> [Task instructions]: Find and return every line of the data that contains the word "forall".

◇ ◇ ◇ ◇

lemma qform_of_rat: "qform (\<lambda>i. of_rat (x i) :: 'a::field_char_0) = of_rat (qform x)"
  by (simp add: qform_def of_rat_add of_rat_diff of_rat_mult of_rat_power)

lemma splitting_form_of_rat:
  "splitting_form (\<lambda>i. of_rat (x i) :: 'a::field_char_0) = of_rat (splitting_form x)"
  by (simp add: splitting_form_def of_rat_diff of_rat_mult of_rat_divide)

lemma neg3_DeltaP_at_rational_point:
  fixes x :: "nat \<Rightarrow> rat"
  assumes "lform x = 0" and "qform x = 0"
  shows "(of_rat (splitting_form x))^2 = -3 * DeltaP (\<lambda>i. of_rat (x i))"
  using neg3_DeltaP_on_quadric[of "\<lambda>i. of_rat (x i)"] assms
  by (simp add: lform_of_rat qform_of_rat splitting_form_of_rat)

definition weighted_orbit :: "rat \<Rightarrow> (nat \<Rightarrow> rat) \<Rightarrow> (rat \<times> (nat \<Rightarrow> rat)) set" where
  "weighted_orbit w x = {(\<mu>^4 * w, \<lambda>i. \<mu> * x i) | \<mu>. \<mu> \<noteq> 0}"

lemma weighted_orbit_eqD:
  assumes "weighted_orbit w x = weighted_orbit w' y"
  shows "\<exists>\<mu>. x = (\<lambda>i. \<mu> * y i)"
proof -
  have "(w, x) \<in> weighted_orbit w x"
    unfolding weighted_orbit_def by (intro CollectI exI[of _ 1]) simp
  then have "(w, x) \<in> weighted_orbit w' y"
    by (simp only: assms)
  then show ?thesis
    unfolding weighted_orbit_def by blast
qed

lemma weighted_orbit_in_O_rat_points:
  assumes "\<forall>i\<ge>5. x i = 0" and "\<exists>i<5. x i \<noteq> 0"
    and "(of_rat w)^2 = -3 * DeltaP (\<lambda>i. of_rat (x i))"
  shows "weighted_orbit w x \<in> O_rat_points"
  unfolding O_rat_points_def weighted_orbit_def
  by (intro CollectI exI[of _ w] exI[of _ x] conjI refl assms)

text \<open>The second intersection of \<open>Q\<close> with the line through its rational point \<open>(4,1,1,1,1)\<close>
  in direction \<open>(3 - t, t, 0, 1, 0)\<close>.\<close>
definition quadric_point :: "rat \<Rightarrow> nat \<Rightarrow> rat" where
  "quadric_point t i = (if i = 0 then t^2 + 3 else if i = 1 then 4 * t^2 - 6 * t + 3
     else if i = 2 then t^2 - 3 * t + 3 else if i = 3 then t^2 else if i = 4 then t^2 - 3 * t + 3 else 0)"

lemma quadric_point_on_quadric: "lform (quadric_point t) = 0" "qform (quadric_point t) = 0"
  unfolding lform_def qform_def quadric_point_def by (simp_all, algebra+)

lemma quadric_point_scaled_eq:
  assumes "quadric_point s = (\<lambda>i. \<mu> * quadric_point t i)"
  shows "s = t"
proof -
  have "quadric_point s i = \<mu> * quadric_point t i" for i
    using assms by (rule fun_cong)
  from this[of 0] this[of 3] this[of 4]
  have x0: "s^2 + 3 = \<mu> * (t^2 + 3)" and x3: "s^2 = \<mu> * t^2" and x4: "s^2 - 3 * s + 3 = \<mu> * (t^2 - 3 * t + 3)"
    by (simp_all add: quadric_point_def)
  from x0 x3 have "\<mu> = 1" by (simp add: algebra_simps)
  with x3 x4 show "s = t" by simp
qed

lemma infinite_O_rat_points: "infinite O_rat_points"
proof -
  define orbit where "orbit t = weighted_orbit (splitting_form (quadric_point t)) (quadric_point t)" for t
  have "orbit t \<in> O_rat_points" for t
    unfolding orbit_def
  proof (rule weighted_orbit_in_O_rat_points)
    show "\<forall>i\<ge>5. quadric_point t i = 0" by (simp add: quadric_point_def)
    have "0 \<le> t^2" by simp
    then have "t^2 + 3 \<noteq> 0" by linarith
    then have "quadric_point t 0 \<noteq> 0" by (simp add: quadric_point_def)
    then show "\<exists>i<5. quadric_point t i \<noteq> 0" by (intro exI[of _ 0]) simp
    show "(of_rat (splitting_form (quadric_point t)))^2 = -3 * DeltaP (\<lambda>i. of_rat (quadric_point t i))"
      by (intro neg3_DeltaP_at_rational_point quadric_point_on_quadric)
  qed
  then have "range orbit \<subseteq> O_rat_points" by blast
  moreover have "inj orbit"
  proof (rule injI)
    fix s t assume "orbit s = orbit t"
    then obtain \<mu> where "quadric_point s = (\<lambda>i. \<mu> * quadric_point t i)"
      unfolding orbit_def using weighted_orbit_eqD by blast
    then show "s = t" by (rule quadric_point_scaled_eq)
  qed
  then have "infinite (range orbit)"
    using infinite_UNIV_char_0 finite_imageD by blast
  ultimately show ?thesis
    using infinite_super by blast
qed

◇ ◇ ◇ ◇

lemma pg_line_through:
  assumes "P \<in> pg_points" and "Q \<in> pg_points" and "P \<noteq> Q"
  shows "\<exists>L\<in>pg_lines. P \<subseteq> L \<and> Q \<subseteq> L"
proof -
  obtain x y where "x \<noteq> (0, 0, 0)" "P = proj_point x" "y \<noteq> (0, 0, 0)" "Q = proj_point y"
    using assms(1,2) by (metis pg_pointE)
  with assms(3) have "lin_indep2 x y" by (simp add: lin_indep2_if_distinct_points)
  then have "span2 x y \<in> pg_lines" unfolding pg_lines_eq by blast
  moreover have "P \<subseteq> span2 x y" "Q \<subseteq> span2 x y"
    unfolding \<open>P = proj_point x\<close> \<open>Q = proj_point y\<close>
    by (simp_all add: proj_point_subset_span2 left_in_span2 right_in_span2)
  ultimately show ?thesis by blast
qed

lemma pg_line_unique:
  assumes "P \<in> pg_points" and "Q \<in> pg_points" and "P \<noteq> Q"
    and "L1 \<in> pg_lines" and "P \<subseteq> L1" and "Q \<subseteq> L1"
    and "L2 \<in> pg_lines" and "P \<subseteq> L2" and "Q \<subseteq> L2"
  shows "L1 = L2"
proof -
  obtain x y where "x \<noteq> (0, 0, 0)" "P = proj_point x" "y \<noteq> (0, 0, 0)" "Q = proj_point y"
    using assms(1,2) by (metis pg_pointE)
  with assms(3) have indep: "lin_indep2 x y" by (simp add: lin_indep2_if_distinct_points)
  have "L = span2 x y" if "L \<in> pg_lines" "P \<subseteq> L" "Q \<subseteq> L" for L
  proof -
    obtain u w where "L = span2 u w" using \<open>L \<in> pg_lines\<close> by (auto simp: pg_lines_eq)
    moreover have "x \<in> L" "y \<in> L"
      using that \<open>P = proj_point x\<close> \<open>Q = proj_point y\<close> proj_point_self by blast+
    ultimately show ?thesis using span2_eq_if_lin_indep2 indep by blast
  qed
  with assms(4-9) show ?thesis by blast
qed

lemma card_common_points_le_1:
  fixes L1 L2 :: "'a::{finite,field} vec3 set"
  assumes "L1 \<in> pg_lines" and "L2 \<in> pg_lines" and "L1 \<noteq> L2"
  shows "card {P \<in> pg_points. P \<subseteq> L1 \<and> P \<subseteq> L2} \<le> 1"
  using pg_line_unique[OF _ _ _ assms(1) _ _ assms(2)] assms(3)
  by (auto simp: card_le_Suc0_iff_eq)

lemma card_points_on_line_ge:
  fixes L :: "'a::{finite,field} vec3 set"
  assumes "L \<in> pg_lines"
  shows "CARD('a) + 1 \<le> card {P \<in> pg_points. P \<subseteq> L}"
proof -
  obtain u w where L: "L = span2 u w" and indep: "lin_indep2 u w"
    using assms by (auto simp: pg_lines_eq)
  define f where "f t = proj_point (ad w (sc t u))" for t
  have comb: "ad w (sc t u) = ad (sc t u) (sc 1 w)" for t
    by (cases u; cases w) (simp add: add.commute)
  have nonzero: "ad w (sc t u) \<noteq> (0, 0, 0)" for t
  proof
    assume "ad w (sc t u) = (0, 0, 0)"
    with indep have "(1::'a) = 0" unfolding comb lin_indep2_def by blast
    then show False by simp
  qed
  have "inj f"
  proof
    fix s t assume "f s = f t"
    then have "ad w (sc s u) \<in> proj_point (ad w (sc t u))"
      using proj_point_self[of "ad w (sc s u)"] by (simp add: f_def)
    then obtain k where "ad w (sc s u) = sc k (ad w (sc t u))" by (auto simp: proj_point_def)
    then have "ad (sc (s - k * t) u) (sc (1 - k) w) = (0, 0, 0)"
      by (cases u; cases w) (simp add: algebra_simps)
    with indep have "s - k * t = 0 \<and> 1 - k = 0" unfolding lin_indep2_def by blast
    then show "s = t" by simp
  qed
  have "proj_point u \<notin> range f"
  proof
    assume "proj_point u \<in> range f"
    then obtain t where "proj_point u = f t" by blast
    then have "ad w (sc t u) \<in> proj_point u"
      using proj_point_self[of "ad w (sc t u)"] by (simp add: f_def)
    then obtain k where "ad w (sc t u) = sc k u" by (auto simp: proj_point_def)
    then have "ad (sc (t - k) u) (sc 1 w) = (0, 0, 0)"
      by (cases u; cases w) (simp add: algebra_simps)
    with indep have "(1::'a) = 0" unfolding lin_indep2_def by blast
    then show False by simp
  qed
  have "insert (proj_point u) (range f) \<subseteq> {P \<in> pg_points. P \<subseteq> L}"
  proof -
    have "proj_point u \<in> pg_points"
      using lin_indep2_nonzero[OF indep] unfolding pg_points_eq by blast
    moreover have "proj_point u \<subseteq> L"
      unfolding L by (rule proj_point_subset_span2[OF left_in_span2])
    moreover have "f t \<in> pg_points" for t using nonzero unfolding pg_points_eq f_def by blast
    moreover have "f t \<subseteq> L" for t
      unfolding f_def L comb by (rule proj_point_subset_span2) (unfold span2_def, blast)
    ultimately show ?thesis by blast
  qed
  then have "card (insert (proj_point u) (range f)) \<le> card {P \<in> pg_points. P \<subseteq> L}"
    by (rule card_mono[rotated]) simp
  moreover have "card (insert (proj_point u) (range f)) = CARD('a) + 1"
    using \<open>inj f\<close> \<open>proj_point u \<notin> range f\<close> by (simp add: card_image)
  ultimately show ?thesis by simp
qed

◇ ◇ ◇ ◇

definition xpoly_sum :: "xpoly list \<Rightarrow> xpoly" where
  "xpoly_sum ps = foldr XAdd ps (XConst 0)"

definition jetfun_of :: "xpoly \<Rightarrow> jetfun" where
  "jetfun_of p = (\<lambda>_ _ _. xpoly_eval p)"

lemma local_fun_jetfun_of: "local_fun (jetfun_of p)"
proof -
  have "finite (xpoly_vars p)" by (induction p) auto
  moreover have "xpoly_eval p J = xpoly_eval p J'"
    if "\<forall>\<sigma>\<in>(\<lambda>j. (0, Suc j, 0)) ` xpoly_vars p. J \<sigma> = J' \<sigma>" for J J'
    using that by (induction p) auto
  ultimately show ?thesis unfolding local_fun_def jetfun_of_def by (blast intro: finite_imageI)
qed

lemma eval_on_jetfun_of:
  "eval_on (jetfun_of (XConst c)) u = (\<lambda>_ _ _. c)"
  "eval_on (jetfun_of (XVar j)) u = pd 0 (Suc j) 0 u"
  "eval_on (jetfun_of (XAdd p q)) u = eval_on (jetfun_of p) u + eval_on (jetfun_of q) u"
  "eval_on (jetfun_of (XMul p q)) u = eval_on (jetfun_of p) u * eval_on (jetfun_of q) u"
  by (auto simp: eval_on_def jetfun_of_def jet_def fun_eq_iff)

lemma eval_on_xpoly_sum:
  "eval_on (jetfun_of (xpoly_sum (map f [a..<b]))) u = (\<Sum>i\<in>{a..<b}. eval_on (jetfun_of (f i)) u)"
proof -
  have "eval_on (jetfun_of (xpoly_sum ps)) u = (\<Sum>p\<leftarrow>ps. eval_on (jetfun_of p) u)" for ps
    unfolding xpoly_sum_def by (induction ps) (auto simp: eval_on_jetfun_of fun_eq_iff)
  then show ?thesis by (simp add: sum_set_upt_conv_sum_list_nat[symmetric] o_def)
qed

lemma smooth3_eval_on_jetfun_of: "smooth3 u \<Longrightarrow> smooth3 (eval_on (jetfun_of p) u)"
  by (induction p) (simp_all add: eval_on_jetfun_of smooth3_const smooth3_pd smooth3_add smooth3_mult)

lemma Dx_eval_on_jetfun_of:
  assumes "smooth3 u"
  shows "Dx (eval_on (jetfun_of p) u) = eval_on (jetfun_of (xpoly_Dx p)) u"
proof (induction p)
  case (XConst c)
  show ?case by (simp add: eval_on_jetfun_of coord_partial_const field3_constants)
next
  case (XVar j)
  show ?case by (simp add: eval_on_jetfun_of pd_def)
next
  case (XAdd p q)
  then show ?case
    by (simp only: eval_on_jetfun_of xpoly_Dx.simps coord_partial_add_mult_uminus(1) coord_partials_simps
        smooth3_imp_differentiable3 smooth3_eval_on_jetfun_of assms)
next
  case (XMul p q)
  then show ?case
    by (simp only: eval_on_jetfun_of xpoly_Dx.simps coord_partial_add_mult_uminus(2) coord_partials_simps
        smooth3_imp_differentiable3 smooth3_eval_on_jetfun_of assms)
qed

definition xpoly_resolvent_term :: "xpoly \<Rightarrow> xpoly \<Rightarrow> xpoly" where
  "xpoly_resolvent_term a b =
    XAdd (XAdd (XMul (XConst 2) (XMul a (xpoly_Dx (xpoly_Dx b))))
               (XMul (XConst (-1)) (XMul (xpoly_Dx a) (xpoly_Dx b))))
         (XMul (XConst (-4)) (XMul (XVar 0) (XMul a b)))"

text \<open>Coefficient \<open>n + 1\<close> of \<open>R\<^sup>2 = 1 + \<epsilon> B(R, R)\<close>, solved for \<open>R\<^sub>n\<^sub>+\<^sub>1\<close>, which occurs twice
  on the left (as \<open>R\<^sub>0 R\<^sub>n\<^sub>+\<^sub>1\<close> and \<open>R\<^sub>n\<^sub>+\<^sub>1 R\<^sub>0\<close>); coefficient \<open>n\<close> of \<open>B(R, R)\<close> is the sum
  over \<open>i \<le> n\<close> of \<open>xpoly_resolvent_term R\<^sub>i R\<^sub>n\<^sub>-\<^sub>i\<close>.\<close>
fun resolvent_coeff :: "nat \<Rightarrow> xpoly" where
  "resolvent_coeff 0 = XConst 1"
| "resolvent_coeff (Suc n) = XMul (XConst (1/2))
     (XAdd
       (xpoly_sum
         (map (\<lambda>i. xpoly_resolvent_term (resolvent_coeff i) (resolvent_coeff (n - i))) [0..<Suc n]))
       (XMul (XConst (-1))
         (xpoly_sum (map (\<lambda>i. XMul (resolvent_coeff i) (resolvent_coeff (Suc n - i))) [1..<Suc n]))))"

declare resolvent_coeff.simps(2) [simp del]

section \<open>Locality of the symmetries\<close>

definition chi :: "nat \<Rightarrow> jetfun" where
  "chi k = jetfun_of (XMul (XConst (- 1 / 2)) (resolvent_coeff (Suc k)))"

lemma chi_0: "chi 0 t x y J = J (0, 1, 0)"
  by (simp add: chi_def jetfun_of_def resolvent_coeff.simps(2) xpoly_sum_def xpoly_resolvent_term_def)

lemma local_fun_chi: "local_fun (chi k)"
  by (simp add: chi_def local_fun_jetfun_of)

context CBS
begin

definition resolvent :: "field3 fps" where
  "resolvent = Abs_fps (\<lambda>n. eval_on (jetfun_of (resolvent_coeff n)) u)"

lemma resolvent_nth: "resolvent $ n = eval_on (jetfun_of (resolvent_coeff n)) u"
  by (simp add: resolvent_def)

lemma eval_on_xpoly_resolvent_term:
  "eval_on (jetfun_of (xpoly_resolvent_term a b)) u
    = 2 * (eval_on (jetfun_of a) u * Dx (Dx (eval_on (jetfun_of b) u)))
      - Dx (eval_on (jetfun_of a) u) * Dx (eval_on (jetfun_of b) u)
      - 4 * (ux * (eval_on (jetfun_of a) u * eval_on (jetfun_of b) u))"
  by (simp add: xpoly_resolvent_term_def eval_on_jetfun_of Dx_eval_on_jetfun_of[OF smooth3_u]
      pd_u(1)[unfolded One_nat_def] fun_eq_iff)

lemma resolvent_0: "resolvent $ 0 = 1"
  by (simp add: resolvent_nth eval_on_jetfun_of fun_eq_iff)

◇ ◇ ◇ ◇

> [Finished task]:
  assumes "\<forall>i\<ge>5. x i = 0" and "\<exists>i<5. x i \<noteq> 0"
    show "\<forall>i\<ge>5. quadric_point t i = 0" by (simp add: quadric_point_def)
    if "\<forall>\<sigma>\<in>(\<lambda>j. (0, Suc j, 0)) ` xpoly_vars p. J \<sigma> = J' \<sigma>" for J J'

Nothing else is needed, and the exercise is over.